### [YOUR TASK]
Provide again, from the entries below, every line from the one containing "unfolding qt1 using A vk vkm1 ak bk by auto" through the one containing "with assms have", exactly as written, and no other line.

****************

(* Let $A\in\mathbb{R}^{n\times n}$ be symmetric, let $W_k\in\mathbb{R}^{n\times m}$ satisfy $W_k^TW_k=I_m$, and let $v_{k-1},v_k\in\mathbb{R}^{n\times p}$ and $\alpha_k,\beta_k\in\mathbb{R}^{p\times p}$ be given. Define $q_{k+j},\beta_{k+j}$, $j\ge1$, by the continuation process \[ \begin{aligned} \tilde q_{k+1}&=Av_k-v_k\alpha_k-v_{k-1}\beta_k^T, & q_{k+1}\beta_{k+1}&=(I_n-P_1)\tilde q_{k+1},\\ \tilde q_{k+2}&=Aq_{k+1}-v_k\beta_{k+1}^T, & q_{k+2}\beta_{k+2}&=(I_n-P_2)\tilde q_{k+2},\\ \tilde q_{k+j}&=Aq_{k+j-1}-q_{k+j-2}\beta_{k+j-1}^T, & q_{k+j}\beta_{k+j}&=(I_n-P_j)\tilde q_{k+j},\quad j\ge3, \end{aligned} \] where $P_1=W_kW_k^T$, $P_2=P_1+q_{k+1}q_{k+1}^T$, $P_j=P_2+q_{k+j-1}q_{k+j-1}^T$ for $j\ge3$, and the columns of $q_{k+j}$ form an orthonormal basis of the column space of $(I_n-P_j)\tilde q_{k+j}$, with $\beta_{k+j}$ of full row rank. Then the process can be written as \[ \begin{aligned} q_{k+1}\beta_{k+1}&=Av_k-v_k\alpha_k-v_{k-1}\beta_k^T-h_k,\\ q_{k+2}\beta_{k+2}&=Aq_{k+1}-q_{k+1}\alpha_{k+1}-v_k\beta_{k+1}^T-h_{k+1},\\ q_{k+j}\beta_{k+j}&=Aq_{k+j-1}-q_{k+j-1}\alpha_{k+j-1}-q_{k+j-2}\beta_{k+j-1}^T-h_{k+j-1},\quad j\ge3, \end{aligned} \] where \[ \alpha_{k+1}=q_{k+1}^T(Aq_{k+1}-v_k\beta_{k+1}^T),\qquad \alpha_{k+j-1}=q_{k+j-1}^TAq_{k+j-1}\ (j\ge3), \] and \[ \begin{aligned} h_k&=P_1\left(Av_k-v_k\alpha_k-v_{k-1}\beta_k^T\right),\\ h_{k+1}&=P_1\left(Aq_{k+1}-v_k\beta_{k+1}^T\right),\\ h_{k+j-1}&=P_1Aq_{k+j-1}+q_{k+1}\beta_{k+1}v_k^Tq_{k+j-1},\quad j\ge3. \end{aligned} \]
   Context: In cases of rank deficiency the number of columns of $q_{k+j}$ is reduced accordingly and $\beta_{k+j}$ becomes rectangular with full row rank. *)

theory Defs
  imports "Jordan_Normal_Form.DL_Rank"
begin

abbreviation colspace :: "nat \<Rightarrow> real mat \<Rightarrow> real vec set" where
  "colspace n B \<equiv> vec_space.col_space n B"

abbreviation mrank :: "real mat \<Rightarrow> nat" where
  "mrank B \<equiv> vec_space.rank (dim_row B) B"

end

theory Submission
  imports Defs
begin

(* Index j stands for k + j, as in the statement. The process is a block Lanczos recurrence that
   reorthogonalises q j only against W, q 1 and q (j - 1); nevertheless W, q 1, q 2, ... are mutually
   orthogonal. This is shown by induction on j: q j lies in the column space of (I - P j) qt j, which
   annihilates W, q 1 and q (j - 1), and for 2 <= i <= j - 2 the symmetry of A together with
   A q i = q (i + 1) beta (i + 1) + P (i + 1) qt (i + 1) + q (i - 1) (beta i)^T gives (q i)^T qt j = 0.
   Once orthogonality is known, expanding P j qt j produces the coefficients alpha and the correction
   terms h; the term q 1 beta 1 vk^T q (j - 1) survives because vk is not orthogonal to the later
   blocks, which is why q 1 stays in every projector. *)

lemma col_space_subset_imp_factor:
  fixes Q M :: "'a::field mat"
  assumes Q: "Q \<in> carrier_mat n r" and M: "M \<in> carrier_mat n c"
    and sub: "vec_space.col_space n Q \<subseteq> vec_space.col_space n M"
  obtains C where "C \<in> carrier_mat c r" and "Q = M * C"
proof -
  have "\<exists>x \<in> carrier_vec c. M *\<^sub>v x = col Q k" if k: "k < r" for k
  proof -
    have "col Q k = Q *\<^sub>v unit_vec r k"
      using Q k by (intro eq_vecI) (auto simp: scalar_prod_right_unit)
    hence "col Q k \<in> vec_space.col_space n Q"
      using Q k by (auto simp: vec_space.col_space_eq[OF Q])
    thus ?thesis using sub M by (auto simp: vec_space.col_space_eq[OF M])
  qed
  then obtain x where x: "\<And>k. k < r \<Longrightarrow> x k \<in> carrier_vec c \<and> M *\<^sub>v x k = col Q k"
    by metis
  define C where "C = mat c r (\<lambda>(i, k). x k $ i)"
  have C: "C \<in> carrier_mat c r" by (simp add: C_def)
  have "Q = M * C"
  proof (rule eq_matI)
    fix i k assume "i < dim_row (M * C)" "k < dim_col (M * C)"
    hence i: "i < n" and k: "k < r" using M by (auto simp: C_def)
    have "col C k = x k" using x[OF k] k by (auto simp: C_def)
    hence "(M * C) $$ (i, k) = (M *\<^sub>v x k) $ i" using i k M by (auto simp: C_def)
    thus "Q $$ (i, k) = (M * C) $$ (i, k)" using x[OF k] i k Q by auto
  qed (use Q M in \<open>auto simp: C_def\<close>)
  with C show thesis by (rule that)
qed

lemma minus_zero_mat [simp]:
  "(A :: 'a::group_add mat) \<in> carrier_mat nr nc \<Longrightarrow> A - 0\<^sub>m nr nc = A"
  by (intro eq_matI) auto

lemma eq_add_of_minus_eq:
  fixes X Y Z :: "'a::ab_group_add mat"
  assumes "Y \<in> carrier_mat nr nc" "Z \<in> carrier_mat nr nc" "X = Y - Z"
  shows "Y = X + Z"
  using assms by (intro eq_matI) auto

lemma mult_assoc_eq_zero:
  fixes X Y Z :: "'a::semiring_0 mat"
  assumes "X \<in> carrier_mat a b" "Y \<in> carrier_mat b c" "Z \<in> carrier_mat c d"
    and "X * Y = 0\<^sub>m a c"
  shows "X * (Y * Z) = 0\<^sub>m a d"
  using assoc_mult_mat[OF assms(1-3)] assms by simp

lemma transpose_mult_eq_zero_swap:
  fixes X Y :: "'a::comm_semiring_0 mat"
  assumes "X \<in> carrier_mat n a" "Y \<in> carrier_mat n b" "X\<^sup>T * Y = 0\<^sub>m a b"
  shows "Y\<^sup>T * X = 0\<^sub>m b a"
  using assms transpose_mult[of "X\<^sup>T" a n Y b] by simp

lemma transpose_mult_complement:
  fixes Y P Q :: "'a::comm_ring_1 mat"
  assumes Y: "Y \<in> carrier_mat n a" and P: "P \<in> carrier_mat n n" and Q: "Q \<in> carrier_mat n c"
  shows "Y\<^sup>T * ((1\<^sub>m n - P) * Q) = Y\<^sup>T * Q - (Y\<^sup>T * P) * Q"
proof -
  have "Y\<^sup>T * ((1\<^sub>m n - P) * Q) = Y\<^sup>T * (Q - P * Q)"
    using minus_mult_distrib_mat[OF one_carrier_mat P Q] Q by simp
  also have "\<dots> = Y\<^sup>T * Q - (Y\<^sup>T * P) * Q"
    using Y P Q by (simp add: mult_minus_distrib_mat assoc_mult_mat)
  finally show ?thesis .
qed

lemma transpose_mult_complement_eq_zero:
  fixes Y P Q :: "'a::comm_ring_1 mat"
  assumes "Y \<in> carrier_mat n a" "P \<in> carrier_mat n n" "Q \<in> carrier_mat n c" "Y\<^sup>T * P = Y\<^sup>T"
  shows "Y\<^sup>T * ((1\<^sub>m n - P) * Q) = 0\<^sub>m a c"
  using assms by (simp add: transpose_mult_complement)

lemma transpose_mult_complement_eq:
  fixes Y P Q :: "'a::comm_ring_1 mat"
  assumes "Y \<in> carrier_mat n a" "P \<in> carrier_mat n n" "Q \<in> carrier_mat n c" "Y\<^sup>T * P = 0\<^sub>m a n"
  shows "Y\<^sup>T * ((1\<^sub>m n - P) * Q) = Y\<^sup>T * Q"
  using assms by (simp add: transpose_mult_complement)

lemma transpose_mult_add_outer:
  fixes Y P X :: "'a::comm_semiring_0 mat"
  assumes "Y \<in> carrier_mat n a" "P \<in> carrier_mat n n" "X \<in> carrier_mat n b"
  shows "Y\<^sup>T * (P + X * X\<^sup>T) = Y\<^sup>T * P + (Y\<^sup>T * X) * X\<^sup>T"
  using assms by (simp add: mult_add_distrib_mat assoc_mult_mat)

(* The hypotheses of theorem4 without the full row rank of beta j, which the argument never uses. *)
locale block_lanczos_continuation =
  fixes A W vk vkm1 ak bk :: "real mat"
    and n m p :: nat
    and q qt beta P :: "nat \<Rightarrow> real mat"
    and r :: "nat \<Rightarrow> nat"
  assumes A: "A \<in> carrier_mat n n" and A_sym: "A\<^sup>T = A"
    and W: "W \<in> carrier_mat n m" and W_orth: "W\<^sup>T * W = 1\<^sub>m m"
    and vk: "vk \<in> carrier_mat n p" and vkm1: "vkm1 \<in> carrier_mat n p"
    and ak: "ak \<in> carrier_mat p p" and bk: "bk \<in> carrier_mat p p"
    and q_dim: "\<And>j. j \<ge> 1 \<Longrightarrow> q j \<in> carrier_mat n (r j)"
    and beta1_dim: "beta 1 \<in> carrier_mat (r 1) p"
    and beta_dim: "\<And>j. j \<ge> 2 \<Longrightarrow> beta j \<in> carrier_mat (r j) (r (j - 1))"
    and qt1: "qt 1 = A * vk - vk * ak - vkm1 * bk\<^sup>T"
    and qt2: "qt 2 = A * q 1 - vk * (beta 1)\<^sup>T"
    and qtj: "\<And>j. j \<ge> 3 \<Longrightarrow> qt j = A * q (j - 1) - q (j - 2) * (beta (j - 1))\<^sup>T"
    and P1: "P 1 = W * W\<^sup>T"
    and P2: "P 2 = P 1 + q 1 * (q 1)\<^sup>T"
    and Pj: "\<And>j. j \<ge> 3 \<Longrightarrow> P j = P 2 + q (j - 1) * (q (j - 1))\<^sup>T"
    and step: "\<And>j. j \<ge> 1 \<Longrightarrow> q j * beta j = (1\<^sub>m n - P j) * qt j"
    and q_orthonormal: "\<And>j. j \<ge> 1 \<Longrightarrow> (q j)\<^sup>T * q j = 1\<^sub>m (r j)"
    and q_span: "\<And>j. j \<ge> 1 \<Longrightarrow> colspace n (q j) = colspace n ((1\<^sub>m n - P j) * qt j)"
begin

lemma qt1_carrier: "qt 1 \<in> carrier_mat n p"
  unfolding qt1 using A vk vkm1 ak bk by auto

lemma qt_carrier:
  assumes "j \<ge> 2" shows "qt j \<in> carrier_mat n (r (j - 1))"
proof (cases "j = 2")
  case True
  have "qt 2 \<in> carrier_mat n (r 1)" unfolding qt2 using A vk q_dim[of 1] beta1_dim by auto
  with True show ?thesis by simp
next
  case False
  with assms have j: "j \<ge> 3" by simp
  have "beta (j - 1) \<in> carrier_mat (r (j - 1)) (r (j - 2))"
    using beta_dim[of "j - 1"] j by (simp add: numeral_2_eq_2)
  moreover have "q (j - 1) \<in> carrier_mat n (r (j - 1))" "q (j - 2) \<in> carrier_mat n (r (j - 2))"
    using q_dim j by auto
  ultimately show ?thesis unfolding qtj[OF j] using A by auto
qed

lemma P1_carrier: "P 1 \<in> carrier_mat n n"
  unfolding P1 using W by auto

lemma P2_carrier: "P 2 \<in> carrier_mat n n"
  unfolding P2 using P1_carrier q_dim[of 1] by auto

lemma P_carrier:
  assumes "j \<ge> 1" shows "P j \<in> carrier_mat n n"
proof -
  consider "j = 1" | "j = 2" | "j \<ge> 3" using assms by linarith
  thus ?thesis
  proof cases
    case 3
    have "q (j - 1) \<in> carrier_mat n (r (j - 1))" using q_dim 3 by simp
    thus ?thesis unfolding Pj[OF 3] using P2_carrier by auto
  qed (use P1_carrier P2_carrier in auto)
qed

lemma q_mult_beta_eq: "j \<ge> 1 \<Longrightarrow> q j * beta j = qt j - P j * qt j"
  using step[of j] P_carrier[of j] qt1_carrier qt_carrier[of j]
    minus_mult_distrib_mat[OF one_carrier_mat P_carrier[of j], of "qt j"]
  by (cases "j = 1") auto

lemma qt_carrier_dim_col: "j \<ge> 1 \<Longrightarrow> qt j \<in> carrier_mat n (dim_col (qt j))"
  using qt1_carrier qt_carrier[of j] by (cases "j = 1") auto

lemma beta_carrier_dim_col_qt: "j \<ge> 1 \<Longrightarrow> beta j \<in> carrier_mat (r j) (dim_col (qt j))"
  using beta1_dim beta_dim[of j] qt1_carrier qt_carrier[of j] by (cases "j = 1") auto

lemma qt_decompose:
  assumes "j \<ge> 1" shows "qt j = q j * beta j + P j * qt j"
  using eq_add_of_minus_eq[OF qt_carrier_dim_col[OF assms] _ q_mult_beta_eq[OF assms]]
    mult_carrier_mat[OF P_carrier[OF assms] qt_carrier_dim_col[OF assms]] by blast

lemma A_mult_q1: "A * q 1 = qt 2 + vk * (beta 1)\<^sup>T"
  by (rule eq_add_of_minus_eq[OF _ _ qt2]) (use A q_dim[of 1] vk beta1_dim in auto)

lemma A_mult_q:
  assumes "i \<ge> 2" shows "A * q i = qt (i + 1) + q (i - 1) * (beta i)\<^sup>T"
proof (rule eq_add_of_minus_eq)
  show "A * q i \<in> carrier_mat n (r i)" using A q_dim assms by auto
  have "q (i - 1) \<in> carrier_mat n (r (i - 1))" "beta i \<in> carrier_mat (r i) (r (i - 1))"
    using q_dim beta_dim assms by auto
  thus "q (i - 1) * (beta i)\<^sup>T \<in> carrier_mat n (r i)" by auto
  show "qt (i + 1) = A * q i - q (i - 1) * (beta i)\<^sup>T" using qtj[of "i + 1"] assms by simp
qed

lemma transpose_q_mult_A: "i \<ge> 1 \<Longrightarrow> (q i)\<^sup>T * A = (A * q i)\<^sup>T"
  using transpose_mult[OF A q_dim[of i]] A_sym by simp

lemma W_transpose_mult_P1: "W\<^sup>T * P 1 = W\<^sup>T"
proof -
  have "W\<^sup>T * P 1 = (W\<^sup>T * W) * W\<^sup>T" unfolding P1 using W by simp
  also have "\<dots> = W\<^sup>T" using W_orth W by simp
  finally show ?thesis .
qed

****************

### [RESPONSE BOX]
  unfolding qt1 using A vk vkm1 ak bk by auto

lemma qt_carrier:
  assumes "j \<ge> 2" shows "qt j \<in> carrier_mat n (r (j - 1))"
proof (cases "j = 2")
  case True
  have "qt 2 \<in> carrier_mat n (r 1)" unfolding qt2 using A vk q_dim[of 1] beta1_dim by auto
  with True show ?thesis by simp
next
  case False
  with assms have j: "j \<ge> 3" by simp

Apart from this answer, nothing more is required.